What to work on
Each line from the start of the records through the line containing "text \<open>Adjacency matrix" is to be transcribed exactly, and no other line is to be included.

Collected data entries
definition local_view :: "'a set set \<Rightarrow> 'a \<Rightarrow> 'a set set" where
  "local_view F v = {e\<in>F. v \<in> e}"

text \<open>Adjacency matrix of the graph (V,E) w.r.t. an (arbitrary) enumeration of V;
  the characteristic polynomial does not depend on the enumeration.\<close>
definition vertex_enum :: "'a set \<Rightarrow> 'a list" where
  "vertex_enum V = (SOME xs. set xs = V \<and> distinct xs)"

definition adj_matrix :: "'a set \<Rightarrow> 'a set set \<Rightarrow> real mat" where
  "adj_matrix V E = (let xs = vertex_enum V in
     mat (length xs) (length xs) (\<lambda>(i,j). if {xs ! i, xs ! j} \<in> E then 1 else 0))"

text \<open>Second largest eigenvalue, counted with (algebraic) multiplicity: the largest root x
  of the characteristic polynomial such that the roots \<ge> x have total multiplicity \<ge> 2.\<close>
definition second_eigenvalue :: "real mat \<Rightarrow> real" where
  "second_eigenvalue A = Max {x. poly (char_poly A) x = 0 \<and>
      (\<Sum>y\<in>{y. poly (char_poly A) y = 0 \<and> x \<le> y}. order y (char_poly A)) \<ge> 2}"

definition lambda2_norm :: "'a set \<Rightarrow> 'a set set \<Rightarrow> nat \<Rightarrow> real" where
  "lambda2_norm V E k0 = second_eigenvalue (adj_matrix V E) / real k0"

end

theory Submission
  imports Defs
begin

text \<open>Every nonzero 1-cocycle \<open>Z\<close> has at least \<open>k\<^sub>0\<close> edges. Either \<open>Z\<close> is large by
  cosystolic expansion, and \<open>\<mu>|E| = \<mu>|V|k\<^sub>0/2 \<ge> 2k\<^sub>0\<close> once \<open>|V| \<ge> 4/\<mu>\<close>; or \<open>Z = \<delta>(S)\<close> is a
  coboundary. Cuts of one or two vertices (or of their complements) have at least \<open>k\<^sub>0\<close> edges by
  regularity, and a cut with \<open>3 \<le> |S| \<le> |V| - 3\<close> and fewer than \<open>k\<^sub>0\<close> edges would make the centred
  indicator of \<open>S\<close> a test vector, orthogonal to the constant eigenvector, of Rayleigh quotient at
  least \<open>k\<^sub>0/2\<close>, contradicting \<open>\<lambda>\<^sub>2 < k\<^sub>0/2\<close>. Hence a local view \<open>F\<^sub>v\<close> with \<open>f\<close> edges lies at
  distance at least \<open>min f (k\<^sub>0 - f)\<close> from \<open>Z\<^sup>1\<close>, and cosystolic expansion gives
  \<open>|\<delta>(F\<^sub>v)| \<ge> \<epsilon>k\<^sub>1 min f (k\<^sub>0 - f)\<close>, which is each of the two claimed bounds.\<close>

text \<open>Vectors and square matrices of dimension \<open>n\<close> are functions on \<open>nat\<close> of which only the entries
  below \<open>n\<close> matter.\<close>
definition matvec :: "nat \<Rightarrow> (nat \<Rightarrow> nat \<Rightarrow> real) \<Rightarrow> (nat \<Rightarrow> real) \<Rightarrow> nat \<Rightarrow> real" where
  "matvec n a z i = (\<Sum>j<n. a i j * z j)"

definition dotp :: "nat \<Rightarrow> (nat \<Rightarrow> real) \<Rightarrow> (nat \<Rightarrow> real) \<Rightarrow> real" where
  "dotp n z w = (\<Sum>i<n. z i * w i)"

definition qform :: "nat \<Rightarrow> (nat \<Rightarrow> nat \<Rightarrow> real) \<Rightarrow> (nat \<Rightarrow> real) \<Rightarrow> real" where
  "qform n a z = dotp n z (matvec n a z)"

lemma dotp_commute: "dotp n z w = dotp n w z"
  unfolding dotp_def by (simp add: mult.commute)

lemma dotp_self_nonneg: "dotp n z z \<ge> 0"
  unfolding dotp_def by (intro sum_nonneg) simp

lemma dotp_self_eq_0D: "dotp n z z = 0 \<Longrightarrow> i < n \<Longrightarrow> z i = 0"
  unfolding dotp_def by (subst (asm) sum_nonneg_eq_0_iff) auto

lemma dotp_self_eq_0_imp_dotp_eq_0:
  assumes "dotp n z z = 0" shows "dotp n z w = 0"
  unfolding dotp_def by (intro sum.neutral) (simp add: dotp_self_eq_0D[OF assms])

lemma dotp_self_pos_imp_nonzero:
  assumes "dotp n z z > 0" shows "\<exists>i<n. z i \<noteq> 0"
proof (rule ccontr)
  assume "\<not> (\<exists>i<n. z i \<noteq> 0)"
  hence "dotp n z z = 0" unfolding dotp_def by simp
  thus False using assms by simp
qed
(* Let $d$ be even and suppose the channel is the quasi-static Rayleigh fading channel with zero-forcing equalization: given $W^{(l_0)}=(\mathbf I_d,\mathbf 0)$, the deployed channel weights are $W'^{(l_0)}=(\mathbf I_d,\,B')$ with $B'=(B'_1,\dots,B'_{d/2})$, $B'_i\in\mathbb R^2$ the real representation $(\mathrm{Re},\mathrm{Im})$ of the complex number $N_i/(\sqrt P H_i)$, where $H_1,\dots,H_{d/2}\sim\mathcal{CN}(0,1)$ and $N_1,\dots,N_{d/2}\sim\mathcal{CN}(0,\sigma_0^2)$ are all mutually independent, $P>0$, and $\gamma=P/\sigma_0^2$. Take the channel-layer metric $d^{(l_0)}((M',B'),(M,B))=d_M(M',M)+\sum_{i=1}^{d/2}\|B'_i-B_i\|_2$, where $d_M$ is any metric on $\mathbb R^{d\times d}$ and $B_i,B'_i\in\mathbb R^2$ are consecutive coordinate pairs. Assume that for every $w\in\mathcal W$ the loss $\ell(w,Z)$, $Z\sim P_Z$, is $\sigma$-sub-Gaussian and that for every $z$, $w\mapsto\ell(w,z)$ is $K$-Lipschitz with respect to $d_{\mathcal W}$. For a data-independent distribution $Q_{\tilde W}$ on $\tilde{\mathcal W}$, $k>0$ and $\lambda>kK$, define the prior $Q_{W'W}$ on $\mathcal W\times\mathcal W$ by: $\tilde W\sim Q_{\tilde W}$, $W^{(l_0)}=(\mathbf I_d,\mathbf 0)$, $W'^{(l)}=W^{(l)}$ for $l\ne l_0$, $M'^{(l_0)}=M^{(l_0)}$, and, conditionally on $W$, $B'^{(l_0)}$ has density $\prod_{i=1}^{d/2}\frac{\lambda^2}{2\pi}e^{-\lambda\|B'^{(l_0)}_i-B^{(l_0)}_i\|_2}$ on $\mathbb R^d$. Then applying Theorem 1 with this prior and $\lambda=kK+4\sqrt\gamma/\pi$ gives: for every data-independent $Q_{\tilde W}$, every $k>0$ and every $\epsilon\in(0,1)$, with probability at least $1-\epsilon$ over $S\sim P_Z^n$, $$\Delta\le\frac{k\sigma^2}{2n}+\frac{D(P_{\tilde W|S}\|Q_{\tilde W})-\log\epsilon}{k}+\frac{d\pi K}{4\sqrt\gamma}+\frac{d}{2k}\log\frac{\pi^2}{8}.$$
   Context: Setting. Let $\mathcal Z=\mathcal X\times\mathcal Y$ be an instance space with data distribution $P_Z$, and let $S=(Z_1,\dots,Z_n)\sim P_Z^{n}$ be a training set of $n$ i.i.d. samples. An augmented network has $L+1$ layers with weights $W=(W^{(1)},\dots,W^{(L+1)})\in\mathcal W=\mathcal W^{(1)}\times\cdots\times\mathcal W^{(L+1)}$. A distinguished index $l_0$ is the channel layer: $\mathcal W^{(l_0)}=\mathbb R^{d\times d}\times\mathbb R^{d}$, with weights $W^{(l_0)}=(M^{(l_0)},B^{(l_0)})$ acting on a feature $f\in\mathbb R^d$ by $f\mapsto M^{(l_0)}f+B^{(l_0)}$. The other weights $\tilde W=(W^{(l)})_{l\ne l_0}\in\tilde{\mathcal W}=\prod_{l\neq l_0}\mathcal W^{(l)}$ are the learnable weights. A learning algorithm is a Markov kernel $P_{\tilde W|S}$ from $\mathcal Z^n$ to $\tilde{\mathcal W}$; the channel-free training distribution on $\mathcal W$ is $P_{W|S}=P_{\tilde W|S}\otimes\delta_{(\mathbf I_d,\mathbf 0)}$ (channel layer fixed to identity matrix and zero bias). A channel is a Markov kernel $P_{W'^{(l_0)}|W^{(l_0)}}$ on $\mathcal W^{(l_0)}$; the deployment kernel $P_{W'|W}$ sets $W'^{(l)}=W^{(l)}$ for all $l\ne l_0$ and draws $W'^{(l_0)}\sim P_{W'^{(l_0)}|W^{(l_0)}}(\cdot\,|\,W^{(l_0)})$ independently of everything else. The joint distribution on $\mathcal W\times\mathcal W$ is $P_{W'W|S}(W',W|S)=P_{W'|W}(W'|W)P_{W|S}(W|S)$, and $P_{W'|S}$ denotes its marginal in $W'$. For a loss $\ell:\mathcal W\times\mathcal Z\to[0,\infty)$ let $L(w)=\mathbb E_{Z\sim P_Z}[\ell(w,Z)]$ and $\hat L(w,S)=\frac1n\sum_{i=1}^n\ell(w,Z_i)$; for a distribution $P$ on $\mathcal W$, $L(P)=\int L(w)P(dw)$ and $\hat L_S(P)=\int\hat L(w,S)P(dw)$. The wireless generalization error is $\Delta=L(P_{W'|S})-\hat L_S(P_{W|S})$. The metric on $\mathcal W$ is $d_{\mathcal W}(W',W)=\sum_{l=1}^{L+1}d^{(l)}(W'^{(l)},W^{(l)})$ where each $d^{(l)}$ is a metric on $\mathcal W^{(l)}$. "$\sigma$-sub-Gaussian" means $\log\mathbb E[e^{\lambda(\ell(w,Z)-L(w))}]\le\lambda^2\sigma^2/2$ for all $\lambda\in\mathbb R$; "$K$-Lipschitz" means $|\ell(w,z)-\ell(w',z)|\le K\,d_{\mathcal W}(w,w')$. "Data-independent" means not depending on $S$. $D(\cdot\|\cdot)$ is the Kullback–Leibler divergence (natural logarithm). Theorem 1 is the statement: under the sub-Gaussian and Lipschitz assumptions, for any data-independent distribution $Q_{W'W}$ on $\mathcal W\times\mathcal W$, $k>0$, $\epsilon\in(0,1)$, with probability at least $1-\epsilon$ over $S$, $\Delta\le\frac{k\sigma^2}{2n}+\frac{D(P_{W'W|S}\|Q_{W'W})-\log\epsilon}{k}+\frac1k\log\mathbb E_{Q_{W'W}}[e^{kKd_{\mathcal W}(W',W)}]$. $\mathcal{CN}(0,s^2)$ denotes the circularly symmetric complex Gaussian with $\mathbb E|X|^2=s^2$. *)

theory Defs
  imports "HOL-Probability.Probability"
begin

Solved problem
definition local_view :: "'a set set \<Rightarrow> 'a \<Rightarrow> 'a set set" where
  "local_view F v = {e\<in>F. v \<in> e}"

text \<open>Adjacency matrix of the graph (V,E) w.r.t. an (arbitrary) enumeration of V;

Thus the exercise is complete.